## Exercise instructions
Although the data below holds other lines too, output only those from the line with "mset (take q" up to and including the line with "- 1) # drop", exactly as they appear.

■ ■ ■ ■

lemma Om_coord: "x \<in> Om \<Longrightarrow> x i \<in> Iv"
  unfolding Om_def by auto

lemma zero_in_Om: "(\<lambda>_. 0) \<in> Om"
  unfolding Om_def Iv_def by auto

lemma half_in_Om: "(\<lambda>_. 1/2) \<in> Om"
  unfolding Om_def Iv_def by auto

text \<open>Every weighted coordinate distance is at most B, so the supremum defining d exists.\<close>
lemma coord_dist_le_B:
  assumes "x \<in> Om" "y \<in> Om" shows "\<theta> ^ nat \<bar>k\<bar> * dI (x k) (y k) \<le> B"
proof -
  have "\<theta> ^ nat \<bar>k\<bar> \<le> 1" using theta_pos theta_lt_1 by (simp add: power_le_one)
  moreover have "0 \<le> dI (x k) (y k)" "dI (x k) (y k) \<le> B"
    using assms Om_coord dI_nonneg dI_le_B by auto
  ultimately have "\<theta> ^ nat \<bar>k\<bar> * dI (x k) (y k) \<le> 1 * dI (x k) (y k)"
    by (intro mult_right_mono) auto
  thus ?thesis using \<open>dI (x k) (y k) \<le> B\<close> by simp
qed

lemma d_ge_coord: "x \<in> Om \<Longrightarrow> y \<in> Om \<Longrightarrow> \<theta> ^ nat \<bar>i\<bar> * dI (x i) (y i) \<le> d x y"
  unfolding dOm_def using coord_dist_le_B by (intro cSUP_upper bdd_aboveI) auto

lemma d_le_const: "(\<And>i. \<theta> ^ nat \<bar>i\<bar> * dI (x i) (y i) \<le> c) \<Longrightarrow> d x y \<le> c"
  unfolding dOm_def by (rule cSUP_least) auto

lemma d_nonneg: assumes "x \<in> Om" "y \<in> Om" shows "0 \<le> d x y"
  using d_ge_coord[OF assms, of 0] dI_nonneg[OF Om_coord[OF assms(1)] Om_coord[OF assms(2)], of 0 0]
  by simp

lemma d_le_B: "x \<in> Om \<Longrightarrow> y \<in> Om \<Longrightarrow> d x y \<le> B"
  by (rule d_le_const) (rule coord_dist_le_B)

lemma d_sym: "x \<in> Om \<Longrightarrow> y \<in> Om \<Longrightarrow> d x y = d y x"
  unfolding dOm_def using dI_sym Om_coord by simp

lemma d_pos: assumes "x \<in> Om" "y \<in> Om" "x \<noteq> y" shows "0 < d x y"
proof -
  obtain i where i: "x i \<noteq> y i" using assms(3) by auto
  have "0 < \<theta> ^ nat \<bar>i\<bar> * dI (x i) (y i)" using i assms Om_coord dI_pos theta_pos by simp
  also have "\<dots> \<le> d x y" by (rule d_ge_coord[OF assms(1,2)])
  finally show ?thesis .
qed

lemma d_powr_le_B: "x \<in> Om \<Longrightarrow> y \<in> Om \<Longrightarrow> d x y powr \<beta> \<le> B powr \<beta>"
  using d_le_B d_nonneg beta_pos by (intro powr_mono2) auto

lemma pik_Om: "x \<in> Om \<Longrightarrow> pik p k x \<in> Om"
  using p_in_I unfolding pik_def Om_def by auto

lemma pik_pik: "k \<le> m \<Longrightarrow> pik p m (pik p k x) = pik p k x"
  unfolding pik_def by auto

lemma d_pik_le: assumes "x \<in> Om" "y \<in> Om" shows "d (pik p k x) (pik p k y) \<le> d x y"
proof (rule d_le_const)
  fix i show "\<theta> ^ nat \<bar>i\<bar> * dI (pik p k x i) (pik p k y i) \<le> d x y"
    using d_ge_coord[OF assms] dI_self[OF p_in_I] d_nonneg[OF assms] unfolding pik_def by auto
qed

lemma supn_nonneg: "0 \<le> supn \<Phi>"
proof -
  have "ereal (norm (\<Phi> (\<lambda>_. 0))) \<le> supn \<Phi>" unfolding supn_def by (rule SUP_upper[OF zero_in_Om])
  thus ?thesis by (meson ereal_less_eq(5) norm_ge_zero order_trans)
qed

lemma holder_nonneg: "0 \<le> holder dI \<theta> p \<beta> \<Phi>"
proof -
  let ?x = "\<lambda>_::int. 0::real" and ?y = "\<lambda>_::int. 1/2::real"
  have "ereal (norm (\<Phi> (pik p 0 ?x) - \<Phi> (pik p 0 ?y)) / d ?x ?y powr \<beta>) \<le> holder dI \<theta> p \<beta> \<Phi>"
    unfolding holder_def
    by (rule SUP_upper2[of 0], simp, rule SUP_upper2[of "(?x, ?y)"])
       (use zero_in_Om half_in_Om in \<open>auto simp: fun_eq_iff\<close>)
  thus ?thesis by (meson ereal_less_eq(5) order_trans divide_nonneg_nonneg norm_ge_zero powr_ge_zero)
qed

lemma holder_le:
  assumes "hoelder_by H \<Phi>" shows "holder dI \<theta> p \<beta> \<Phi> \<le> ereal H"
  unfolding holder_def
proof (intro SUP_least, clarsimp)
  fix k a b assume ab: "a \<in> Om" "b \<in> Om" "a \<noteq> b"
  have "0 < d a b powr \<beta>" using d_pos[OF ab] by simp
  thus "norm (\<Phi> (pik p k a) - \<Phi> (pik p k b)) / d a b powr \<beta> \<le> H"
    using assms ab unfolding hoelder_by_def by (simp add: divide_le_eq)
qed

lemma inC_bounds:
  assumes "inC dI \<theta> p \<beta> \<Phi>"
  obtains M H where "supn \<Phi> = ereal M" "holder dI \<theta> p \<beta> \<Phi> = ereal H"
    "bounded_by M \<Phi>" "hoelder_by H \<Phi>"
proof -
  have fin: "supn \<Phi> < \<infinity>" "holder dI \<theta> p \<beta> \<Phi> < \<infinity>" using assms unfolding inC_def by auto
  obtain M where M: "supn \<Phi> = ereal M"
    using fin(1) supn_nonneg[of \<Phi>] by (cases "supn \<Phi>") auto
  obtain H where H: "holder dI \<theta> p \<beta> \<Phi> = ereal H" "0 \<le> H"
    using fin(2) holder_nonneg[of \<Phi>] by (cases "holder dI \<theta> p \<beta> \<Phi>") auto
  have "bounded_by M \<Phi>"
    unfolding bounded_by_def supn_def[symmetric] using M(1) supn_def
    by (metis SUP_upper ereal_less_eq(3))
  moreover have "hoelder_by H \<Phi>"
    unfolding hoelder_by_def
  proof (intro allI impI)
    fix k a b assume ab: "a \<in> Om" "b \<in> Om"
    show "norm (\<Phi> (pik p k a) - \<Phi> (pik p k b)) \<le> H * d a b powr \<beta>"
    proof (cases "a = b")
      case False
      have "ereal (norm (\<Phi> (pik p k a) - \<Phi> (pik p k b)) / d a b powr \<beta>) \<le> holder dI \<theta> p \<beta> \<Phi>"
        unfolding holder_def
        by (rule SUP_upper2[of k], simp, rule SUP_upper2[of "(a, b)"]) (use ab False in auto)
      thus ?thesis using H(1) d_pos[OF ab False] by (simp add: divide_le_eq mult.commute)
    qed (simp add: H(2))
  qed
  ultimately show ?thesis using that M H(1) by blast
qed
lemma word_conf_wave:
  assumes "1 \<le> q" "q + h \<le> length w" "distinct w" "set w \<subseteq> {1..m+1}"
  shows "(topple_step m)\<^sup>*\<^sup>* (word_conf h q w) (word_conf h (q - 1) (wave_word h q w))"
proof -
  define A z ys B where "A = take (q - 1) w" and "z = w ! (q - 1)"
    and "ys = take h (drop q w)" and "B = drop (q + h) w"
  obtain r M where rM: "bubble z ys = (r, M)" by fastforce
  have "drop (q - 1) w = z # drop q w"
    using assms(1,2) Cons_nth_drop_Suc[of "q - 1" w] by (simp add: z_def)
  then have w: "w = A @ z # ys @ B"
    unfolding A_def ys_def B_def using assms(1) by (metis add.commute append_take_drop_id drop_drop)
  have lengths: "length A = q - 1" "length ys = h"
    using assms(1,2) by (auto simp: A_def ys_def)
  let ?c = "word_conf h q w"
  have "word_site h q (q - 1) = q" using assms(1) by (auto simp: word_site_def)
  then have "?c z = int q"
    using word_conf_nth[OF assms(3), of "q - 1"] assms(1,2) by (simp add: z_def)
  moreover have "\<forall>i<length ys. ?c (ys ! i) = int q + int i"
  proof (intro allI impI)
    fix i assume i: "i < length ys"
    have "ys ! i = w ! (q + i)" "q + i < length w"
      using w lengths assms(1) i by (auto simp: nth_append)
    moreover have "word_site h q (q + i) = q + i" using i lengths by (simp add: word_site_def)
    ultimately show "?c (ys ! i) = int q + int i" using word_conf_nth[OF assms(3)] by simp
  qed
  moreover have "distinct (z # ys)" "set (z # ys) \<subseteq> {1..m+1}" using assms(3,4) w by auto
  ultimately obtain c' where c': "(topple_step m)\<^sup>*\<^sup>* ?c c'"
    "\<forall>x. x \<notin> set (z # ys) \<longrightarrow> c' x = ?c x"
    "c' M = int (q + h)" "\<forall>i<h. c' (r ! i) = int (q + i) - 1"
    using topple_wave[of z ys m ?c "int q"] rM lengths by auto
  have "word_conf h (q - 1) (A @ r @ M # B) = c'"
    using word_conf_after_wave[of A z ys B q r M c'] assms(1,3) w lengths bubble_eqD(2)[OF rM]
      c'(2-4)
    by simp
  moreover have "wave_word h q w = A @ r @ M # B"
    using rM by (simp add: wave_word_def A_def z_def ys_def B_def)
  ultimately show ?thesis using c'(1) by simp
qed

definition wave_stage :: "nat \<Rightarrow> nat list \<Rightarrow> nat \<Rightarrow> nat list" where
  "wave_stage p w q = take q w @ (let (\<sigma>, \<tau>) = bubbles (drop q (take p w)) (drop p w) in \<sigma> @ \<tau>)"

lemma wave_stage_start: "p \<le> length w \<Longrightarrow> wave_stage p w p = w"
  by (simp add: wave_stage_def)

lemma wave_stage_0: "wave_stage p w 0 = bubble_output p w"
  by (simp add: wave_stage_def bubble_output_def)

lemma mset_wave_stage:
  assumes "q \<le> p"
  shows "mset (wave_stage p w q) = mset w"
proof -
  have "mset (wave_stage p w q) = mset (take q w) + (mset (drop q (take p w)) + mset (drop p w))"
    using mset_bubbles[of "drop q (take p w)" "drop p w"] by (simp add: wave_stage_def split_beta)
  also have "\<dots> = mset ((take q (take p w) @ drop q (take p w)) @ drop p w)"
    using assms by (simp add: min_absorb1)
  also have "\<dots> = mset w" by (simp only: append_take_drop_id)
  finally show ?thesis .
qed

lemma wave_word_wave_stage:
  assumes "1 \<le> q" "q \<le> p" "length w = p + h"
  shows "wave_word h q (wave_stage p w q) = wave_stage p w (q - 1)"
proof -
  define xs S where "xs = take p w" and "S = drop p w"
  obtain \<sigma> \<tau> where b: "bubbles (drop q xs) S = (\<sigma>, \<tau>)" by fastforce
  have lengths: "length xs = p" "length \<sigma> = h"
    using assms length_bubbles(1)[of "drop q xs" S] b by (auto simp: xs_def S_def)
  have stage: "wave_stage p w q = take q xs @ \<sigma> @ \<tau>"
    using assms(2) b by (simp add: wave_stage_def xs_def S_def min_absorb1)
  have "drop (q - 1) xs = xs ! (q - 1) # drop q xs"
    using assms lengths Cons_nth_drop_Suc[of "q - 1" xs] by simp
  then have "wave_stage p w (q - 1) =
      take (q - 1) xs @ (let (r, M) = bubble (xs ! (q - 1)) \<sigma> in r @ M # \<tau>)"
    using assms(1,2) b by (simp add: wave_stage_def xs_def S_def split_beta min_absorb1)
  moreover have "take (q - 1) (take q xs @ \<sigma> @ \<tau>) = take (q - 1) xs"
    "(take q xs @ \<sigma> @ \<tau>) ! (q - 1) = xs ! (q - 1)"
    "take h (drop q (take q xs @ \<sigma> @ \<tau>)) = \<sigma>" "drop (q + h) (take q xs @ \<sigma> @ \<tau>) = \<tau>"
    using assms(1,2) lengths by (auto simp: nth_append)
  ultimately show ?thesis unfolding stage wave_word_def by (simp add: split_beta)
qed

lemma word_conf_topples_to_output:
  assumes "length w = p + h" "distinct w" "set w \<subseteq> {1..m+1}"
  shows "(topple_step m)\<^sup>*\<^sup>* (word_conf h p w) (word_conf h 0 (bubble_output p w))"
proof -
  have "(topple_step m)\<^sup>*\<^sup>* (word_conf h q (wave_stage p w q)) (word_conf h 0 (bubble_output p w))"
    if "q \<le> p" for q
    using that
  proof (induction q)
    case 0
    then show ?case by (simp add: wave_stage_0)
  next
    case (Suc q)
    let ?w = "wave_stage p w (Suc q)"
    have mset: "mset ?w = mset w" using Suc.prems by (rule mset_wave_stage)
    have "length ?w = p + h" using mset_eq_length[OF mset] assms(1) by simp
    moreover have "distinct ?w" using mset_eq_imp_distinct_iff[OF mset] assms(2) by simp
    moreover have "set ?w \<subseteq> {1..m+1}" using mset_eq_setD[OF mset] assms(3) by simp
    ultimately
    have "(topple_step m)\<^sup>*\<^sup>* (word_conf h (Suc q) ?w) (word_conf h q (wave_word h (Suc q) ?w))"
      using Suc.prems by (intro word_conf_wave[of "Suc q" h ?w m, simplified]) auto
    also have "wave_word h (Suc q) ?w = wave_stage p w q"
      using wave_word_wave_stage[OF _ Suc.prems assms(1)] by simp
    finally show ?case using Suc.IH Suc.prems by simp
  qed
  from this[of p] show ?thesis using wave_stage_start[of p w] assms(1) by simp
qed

■ ■ ■ ■

## The completed task
  have "mset (wave_stage p w q) = mset (take q w) + (mset (drop q (take p w)) + mset (drop p w))"
    using mset_bubbles[of "drop q (take p w)" "drop p w"] by (simp add: wave_stage_def split_beta)
  also have "\<dots> = mset ((take q (take p w) @ drop q (take p w)) @ drop p w)"
    using assms by (simp add: min_absorb1)
  also have "\<dots> = mset w" by (simp only: append_take_drop_id)
  finally show ?thesis .
qed

lemma wave_word_wave_stage:
  assumes "1 \<le> q" "q \<le> p" "length w = p + h"
  shows "wave_word h q (wave_stage p w q) = wave_stage p w (q - 1)"
proof -
  define xs S where "xs = take p w" and "S = drop p w"
  obtain \<sigma> \<tau> where b: "bubbles (drop q xs) S = (\<sigma>, \<tau>)" by fastforce
  have lengths: "length xs = p" "length \<sigma> = h"
    using assms length_bubbles(1)[of "drop q xs" S] b by (auto simp: xs_def S_def)
  have stage: "wave_stage p w q = take q xs @ \<sigma> @ \<tau>"
    using assms(2) b by (simp add: wave_stage_def xs_def S_def min_absorb1)
  have "drop (q - 1) xs = xs ! (q - 1) # drop q xs"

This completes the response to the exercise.